Meanwhile, Cognito introduced its own detours. Logout flow wasn't OIDC-compatible, so Joseph explored patching the Open WebUI Docker image, wiring a Lambda to fake the expected logout sequence, and working around SES's default email-verification quotas. Malte joined those threads too—debugging Cognito's rate caps, helping configure SES, and submitting quota requests when the defaults throttled us.

An early iteration of our architecture showing the AWS infrastructure powering Public AI

Guardrails, Routing, and the Zurich Pods

As we moved closer to serving real traffic, the Slack channel filled with the details that actually make—or break—a public deployment.

As we moved closer to serving real traffic, we moved on to the guardrail implementation. Nicolas walked Joseph through setting up Bedrock protections for PII, abuse, and prompt-injection filtering, with LiteLLM acting as the enforcement layer. He dropped full YAML samples for a namespace, service account, configmap, secret, and deployment, which we adapted almost verbatim.

The routing layer evolved alongside it. Joseph started testing custom auth in Open WebUI for rate limiting and per-user budgets in LiteLLM. Redis experiments followed: exploring whether it could handle routing, caching, or both; identifying what broke when requests spiked; fine-tuning the budget logic to avoid locking users out prematurely.

Our conversations with Nicolas and Malte produced the final plan: for three 8-GPU pods in Zurich—meaning about $124,000 in compute credits over 3 months—running a fully sharded Apertus 70B and a lighter 8B replica. Nicolas and Joseph traded notes on the right CPU/memory ratios, how to squeeze more throughput from the 8B model, and what a realistic concurrency target looked like.

The Launch and the Demo

Then we went live! Traffic ramped faster than expected. Nicholas and Malte spent a few late nights tracking throughput with us.
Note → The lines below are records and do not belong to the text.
(* Let $k\ge3$ and let $\{H_{r_1},\dots,H_{r_k}\}$ be a set of pairwise ultra-parallel hyperplanes in $\mathbb{H}^n$ having a common perpendicular $\varrho$ (a geodesic line meeting each $H_{r_i}$ orthogonally). If the group $D\subseteq\mathrm{Iso}(\mathbb{H}^n)$ generated by the reflections $r_i$ across $H_{r_i}$ is a discrete subgroup, then $D$ is isomorphic to the infinite dihedral group $D_\infty$.
   Context: Two disjoint hyperplanes in $\mathbb{H}^n$ are ultra-parallel if they have no common point in the visual boundary $\partial\mathbb{H}^n$. *)

theory Defs
  imports "HOL-Analysis.Analysis" "HOL-Algebra.Algebra"
begin

text \<open>Hyperboloid model of hyperbolic n-space, n = CARD('n), inside
  Minkowski space R^(n+1) = (real^'n) \<times> real (last coordinate = time).\<close>

type_synonym 'n mpt = "(real^'n) \<times> real"

definition minner :: "('n::finite) mpt \<Rightarrow> 'n mpt \<Rightarrow> real" where
  "minner x y = fst x \<bullet> fst y - snd x * snd y"

definition hyp_space :: "('n::finite) mpt set" where
  "hyp_space = {p. minner p p = -1 \<and> snd p > 0}"

definition spacelike :: "('n::finite) mpt \<Rightarrow> bool" where
  "spacelike v \<longleftrightarrow> minner v v > 0"

definition hyperplane_of :: "('n::finite) mpt \<Rightarrow> 'n mpt set" where
  "hyperplane_of v = {p \<in> hyp_space. minner p v = 0}"

text \<open>Points of the visual boundary are rays of future light-like vectors;
  the boundary of the hyperplane H_v consists of the rays orthogonal to v.
  (Both conditions are invariant under positive scaling, so we work with
  representatives.)\<close>
definition ideal_rep :: "('n::finite) mpt \<Rightarrow> bool" where
  "ideal_rep w \<longleftrightarrow> w \<noteq> 0 \<and> minner w w = 0 \<and> snd w > 0"

definition hyperplane_boundary :: "('n::finite) mpt \<Rightarrow> 'n mpt set" where
  "hyperplane_boundary v = {w. ideal_rep w \<and> minner w v = 0}"

definition ultra_parallel :: "('n::finite) mpt \<Rightarrow> 'n mpt \<Rightarrow> bool" where
  "ultra_parallel u v \<longleftrightarrow>
     hyperplane_of u \<inter> hyperplane_of v = {} \<and>
     hyperplane_boundary u \<inter> hyperplane_boundary v = {}"

definition mrefl :: "('n::finite) mpt \<Rightarrow> 'n mpt \<Rightarrow> 'n mpt" where
  "mrefl v x = x - (2 * minner x v / minner v v) *\<^sub>R v"

definition geod :: "('n::finite) mpt \<Rightarrow> 'n mpt \<Rightarrow> real \<Rightarrow> 'n mpt" where
  "geod p w t = cosh t *\<^sub>R p + sinh t *\<^sub>R w"

definition geod_vel :: "('n::finite) mpt \<Rightarrow> 'n mpt \<Rightarrow> real \<Rightarrow> 'n mpt" where
  "geod_vel p w t = sinh t *\<^sub>R p + cosh t *\<^sub>R w"

definition geod_data :: "('n::finite) mpt \<Rightarrow> 'n mpt \<Rightarrow> bool" where
  "geod_data p w \<longleftrightarrow> p \<in> hyp_space \<and> minner w w = 1 \<and> minner p w = 0"

text \<open>The geodesic line (p,w) meets H_v orthogonally: at an intersection point q
  the velocity is Minkowski-orthogonal to the tangent space of H_v at q.\<close>
definition meets_orthogonally :: "('n::finite) mpt \<Rightarrow> 'n mpt \<Rightarrow> 'n mpt \<Rightarrow> bool" where
  "meets_orthogonally p w v \<longleftrightarrow>
     (\<exists>t. geod p w t \<in> hyperplane_of v \<and>
          (\<forall>x. minner x (geod p w t) = 0 \<and> minner x v = 0 \<longrightarrow>
               minner x (geod_vel p w t) = 0))"

text \<open>Discreteness of a group of linear maps of Minkowski space (the
  topology on O(n,1), which induces that of Iso(H^n)).\<close>
definition discrete_maps :: "(('n::finite) mpt \<Rightarrow> 'n mpt) set \<Rightarrow> bool" where
  "discrete_maps D \<longleftrightarrow>
     (\<forall>g\<in>D. \<exists>e>0. \<forall>h\<in>D. h \<noteq> g \<longrightarrow> e \<le> onorm (\<lambda>x. h x - g x))"

definition gen_group :: "(('n::finite) mpt \<Rightarrow> 'n mpt) set \<Rightarrow> ('n mpt \<Rightarrow> 'n mpt) monoid" where
  "gen_group S = (BijGroup UNIV) \<lparr>carrier := generate (BijGroup UNIV) S\<rparr>"

text \<open>The infinite dihedral group, realised as the isometry group of Z:
  maps x \<mapsto> x + b and x \<mapsto> b - x.\<close>
definition Dinf :: "(int \<Rightarrow> int) monoid" where
  "Dinf = \<lparr>carrier = {f. \<exists>b. f = (\<lambda>x. x + b) \<or> f = (\<lambda>x. b - x)},
           mult = (\<circ>), one = id\<rparr>"

end

theory Submission
  imports Defs
begin

(* Each H_i meets the common perpendicular geod p w orthogonally at some time t_i, so its
   normal is parallel to the velocity there and r_i is the reflection t |-> 2 t_i - t of
   that geodesic, extended by the identity on the orthogonal complement of span {p, w}.
   Hence D lies in the group of "axial motions" t |-> e t + b (e = +-1), a copy of Isom(R).
   The hyperplanes are disjoint, so the t_i are distinct and D contains a nontrivial
   translation; discreteness makes its translations a lattice c Z with c > 0, and its
   reflections are then the coset 2 t_0 + c Z, so D is isomorphic to Isom(Z) = D_inf. *)

lemma minner_commute: "minner x y = minner y x"
  by (simp add: minner_def inner_commute mult.commute)

lemma minner_add_left [simp]: "minner (x + y) z = minner x z + minner y z"
  by (simp add: minner_def inner_add_left algebra_simps)

lemma minner_add_right [simp]: "minner z (x + y) = minner z x + minner z y"
  by (simp add: minner_def inner_add_right algebra_simps)

lemma minner_diff_left [simp]: "minner (x - y) z = minner x z - minner y z"
  by (simp add: minner_def inner_diff_left algebra_simps)

lemma minner_diff_right [simp]: "minner z (x - y) = minner z x - minner z y"
  by (simp add: minner_def inner_diff_right algebra_simps)

lemma minner_scaleR_left [simp]: "minner (a *\<^sub>R x) z = a * minner x z"
  by (simp add: minner_def algebra_simps)

lemma minner_scaleR_right [simp]: "minner z (a *\<^sub>R x) = a * minner z x"
  by (simp add: minner_def algebra_simps)

lemma norm_fst_snd_le: "norm (fst z) \<le> norm z" "norm (snd z) \<le> norm z"
  using norm_fst_le[of "fst z" "snd z"] norm_snd_le[of "snd z" "fst z"] by simp_all

lemma abs_minner_le: "\<bar>minner x y\<bar> \<le> 2 * norm x * norm y"
proof -
  have "\<bar>fst x \<bullet> fst y\<bar> \<le> norm (fst x) * norm (fst y)"
    by (rule Cauchy_Schwarz_ineq2)
  also have "\<dots> \<le> norm x * norm y"
    by (intro mult_mono norm_fst_snd_le) auto
  finally have "\<bar>fst x \<bullet> fst y\<bar> \<le> norm x * norm y" .
  moreover have "\<bar>snd x * snd y\<bar> \<le> norm x * norm y"
    using mult_mono[OF norm_fst_snd_le(2)[of x] norm_fst_snd_le(2)[of y]] by (simp add: abs_mult)
  ultimately show ?thesis
    by (simp add: minner_def)
qed

lemma null_orthogonal_timelike_eq_0:
  assumes "minner q q = -1" "minner y q = 0" "minner y y = 0"
  shows "y = 0"
proof -
  have "fst q \<bullet> fst q = snd q * snd q - 1" "fst y \<bullet> fst q = snd y * snd q"
    "fst y \<bullet> fst y = snd y * snd y"
    using assms by (auto simp: minner_def)
  moreover have "(fst y \<bullet> fst q)\<^sup>2 \<le> (fst y \<bullet> fst y) * (fst q \<bullet> fst q)"
    by (rule Cauchy_Schwarz_ineq)
  ultimately have "(snd y * snd q)\<^sup>2 \<le> (snd y * snd y) * (snd q * snd q - 1)"
    by simp
  then have "snd y * snd y \<le> 0"
    by (simp add: power2_eq_square algebra_simps)
  then have "snd y = 0"
    using zero_le_square[of "snd y"] by (metis antisym mult_eq_0_iff)
  moreover from this have "fst y = 0"
    using \<open>fst y \<bullet> fst y = snd y * snd y\<close> by simp
  ultimately show ?thesis
    by (simp add: prod_eq_iff)
qed

text \<open>The part v' of v orthogonal to u is null, since otherwise
  u - (\<langle>u,v\<rangle>/\<langle>v',v'\<rangle>) v' is orthogonal to q and v but not to u; as v' is also
  orthogonal to the timelike q, it vanishes.\<close>
lemma parallel_if_orthogonals_subset:
  assumes q: "minner q q = -1" and u: "minner u u = 1" "minner q u = 0"
    and v: "minner q v = 0" "v \<noteq> 0"
    and orth: "\<And>x. minner x q = 0 \<Longrightarrow> minner x v = 0 \<Longrightarrow> minner x u = 0"
  obtains c where "c \<noteq> 0" "v = c *\<^sub>R u"
proof -
  define v' where "v' = v - minner v u *\<^sub>R u"
  have uq: "minner u q = 0"
    using u(2) minner_commute by metis
  have v'q: "minner v' q = 0"
    using uq v(1) by (simp add: v'_def minner_commute)
  have v'u: "minner v' u = 0"
    using u(1) by (simp add: v'_def)
  have v'v: "minner v' v = minner v' v'"
    using v'u by (simp add: v'_def)
  have "minner v' v' = 0"
  proof (rule ccontr)
    assume nz: "minner v' v' \<noteq> 0"
    define x where "x = u - (minner u v / minner v' v') *\<^sub>R v'"
    have "minner x q = 0" "minner x v = 0"
      using uq v'q nz by (simp_all add: x_def v'v)
    moreover have "minner x u = 1"
      using u(1) v'u by (simp add: x_def)
    ultimately show False
      using orth by fastforce
  qed
  then have "v = minner v u *\<^sub>R u"
    using null_orthogonal_timelike_eq_0[OF q v'q] by (simp add: v'_def)
  with v(2) show thesis
    using that by (metis scale_zero_left)
qed

lemma mrefl_scaleR: "c \<noteq> 0 \<Longrightarrow> mrefl (c *\<^sub>R u) = mrefl u"
  by (rule ext) (simp add: mrefl_def)

lemma discrete_real_subgroup_least_positive:
  fixes L :: "real set"
  assumes diff: "\<And>x y. x \<in> L \<Longrightarrow> y \<in> L \<Longrightarrow> x - y \<in> L"
    and pos: "a \<in> L" "a > 0"
    and gap: "\<delta> > 0" "\<And>x. x \<in> L \<Longrightarrow> x \<noteq> 0 \<Longrightarrow> \<delta> \<le> \<bar>x\<bar>"
  obtains c where "c \<in> L" "c > 0" "\<And>x. x \<in> L \<Longrightarrow> x > 0 \<Longrightarrow> c \<le> x"
proof -
  define P where "P = {x \<in> L. x > 0}"
  have P: "P \<noteq> {}" "bdd_below P"
    using pos by (auto simp: P_def intro: bdd_belowI[of _ 0])
  have lower: "Inf P \<le> x" if "x \<in> L" "x > 0" for x
    using that P(2) by (auto simp: P_def intro: cInf_lower)
  have "Inf P \<in> P"
  proof (rule ccontr)
    assume "Inf P \<notin> P"
    obtain x where x: "x \<in> P" "x < Inf P + \<delta>"
      using cInf_lessD[OF P(1), of "Inf P + \<delta>"] gap(1) by auto
    then have "Inf P < x"
      using \<open>Inf P \<notin> P\<close> P(2) cInf_lower[of x P] by (metis order_le_less)
    then obtain y where y: "y \<in> P" "y < x"
      using cInf_lessD[OF P(1)] by blast
    then have "x - y \<in> L" "0 < x - y" "x - y < \<delta>"
      using x diff cInf_lower[OF _ P(2), of y] by (auto simp: P_def)
    then show False
      using gap(2) by fastforce
  qed
  then show thesis
    using that lower by (auto simp: P_def)
qed

lemma discrete_real_subgroup_eq_multiples:
  fixes L :: "real set"
  assumes zero: "0 \<in> L" and diff: "\<And>x y. x \<in> L \<Longrightarrow> y \<in> L \<Longrightarrow> x - y \<in> L"
    and a: "a \<in> L" "a \<noteq> 0"
    and gap: "\<delta> > 0" "\<And>x. x \<in> L \<Longrightarrow> x \<noteq> 0 \<Longrightarrow> \<delta> \<le> \<bar>x\<bar>"
  obtains c where "c > 0" "L = range (\<lambda>n::int. of_int n * c)"
proof -
  have neg: "- x \<in> L" if "x \<in> L" for x
    using diff[OF zero that] by simp
  have "\<bar>a\<bar> \<in> L" "\<bar>a\<bar> > 0"
    using a neg by (auto simp: abs_if)
  then obtain c where c: "c \<in> L" "c > 0" and least: "\<And>x. x \<in> L \<Longrightarrow> x > 0 \<Longrightarrow> c \<le> x"
    using discrete_real_subgroup_least_positive[OF diff _ _ gap] by blast
  have nat_mult: "real m * c \<in> L" for m :: nat
  proof (induction m)
    case (Suc m)
    then show ?case
      using diff[OF Suc neg[OF c(1)]] by (simp add: distrib_right add.commute)
  qed (simp add: zero)
  have int_mult: "of_int n * c \<in> L" for n :: int
    using nat_mult[of "nat n"] neg[OF nat_mult[of "nat (- n)"]] by (cases "n \<ge> 0") auto
  have "x \<in> range (\<lambda>n::int. of_int n * c)" if "x \<in> L" for x
  proof -
    define r where "r = x - of_int \<lfloor>x / c\<rfloor> * c"
    have "r \<in> L"
      unfolding r_def using diff[OF that int_mult] .
    moreover have "0 \<le> r" "r < c"
      using c(2) floor_divide_lower[of c x] floor_divide_upper[of c x] by (auto simp: r_def algebra_simps)
    ultimately have "r = 0"
      using least by fastforce
    then show ?thesis
      by (auto simp: r_def)
  qed
  with int_mult c(2) show thesis
    using that by blast
qed

lemma Dinf_cases [consumes 1, case_names translation reflection]:
  assumes "f \<in> carrier Dinf"
  obtains b where "f = (\<lambda>x. x + b)" | b where "f = (\<lambda>x. b - x)"
  using assms by (auto simp: Dinf_def)

lemma translation_in_Dinf [simp]: "(\<lambda>x. x + b) \<in> carrier Dinf"
  by (auto simp: Dinf_def)

lemma reflection_in_Dinf [simp]: "(\<lambda>x. b - x) \<in> carrier Dinf"
  by (auto simp: Dinf_def)

lemma Dinf_mult [simp]: "f \<otimes>\<^bsub>Dinf\<^esub> g = f \<circ> g"
  by (simp add: Dinf_def)

lemma Dinf_one [simp]: "\<one>\<^bsub>Dinf\<^esub> = id"
  by (simp add: Dinf_def)

lemma translation_comp_translation: "(\<lambda>x::int. x + b) \<circ> (\<lambda>x. x + b') = (\<lambda>x. x + (b + b'))"
  by (auto simp: fun_eq_iff)

lemma translation_comp_reflection: "(\<lambda>x::int. x + b) \<circ> (\<lambda>x. b' - x) = (\<lambda>x. (b + b') - x)"
  by (auto simp: fun_eq_iff)

lemma reflection_comp_translation: "(\<lambda>x::int. b - x) \<circ> (\<lambda>x. x + b') = (\<lambda>x. (b - b') - x)"
  by (auto simp: fun_eq_iff)

lemma reflection_comp_reflection: "(\<lambda>x::int. b - x) \<circ> (\<lambda>x. b' - x) = (\<lambda>x. x + (b - b'))"
  by (auto simp: fun_eq_iff)

lemmas Dinf_comp_simps = translation_comp_translation translation_comp_reflection
  reflection_comp_translation reflection_comp_reflection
And once the pods were online, every conversation served from Zurich began showing the small line:

"Served from Zurich on AWS infrastructure."

During the AWS Zurich event a few weeks later, the Apertus team wanted to demo Apertus live on stage. So that week, we shifted most of the traffic to Zurich (a significant portion of volume was being sent to other partnrs like Exoscale in Austria and Juelich Supercomputing Centre in Germany) so that Nicolas and Malte could show off the cluster. That was a pretty interesting learning experience.

After the Credits

The Apertus deployment, of course, didn't stop at the end of November. That's when we first began folding in the Intel-backed AWS nodes running in the same region. That transition is where Diego Bailón Humpert entered the scene. Where Nicolas and Malte had built the GPU stack for Apertus at launch, Diego brought together the Intel clusters that made sustained public inference possible—and scalable beyond Switzerland.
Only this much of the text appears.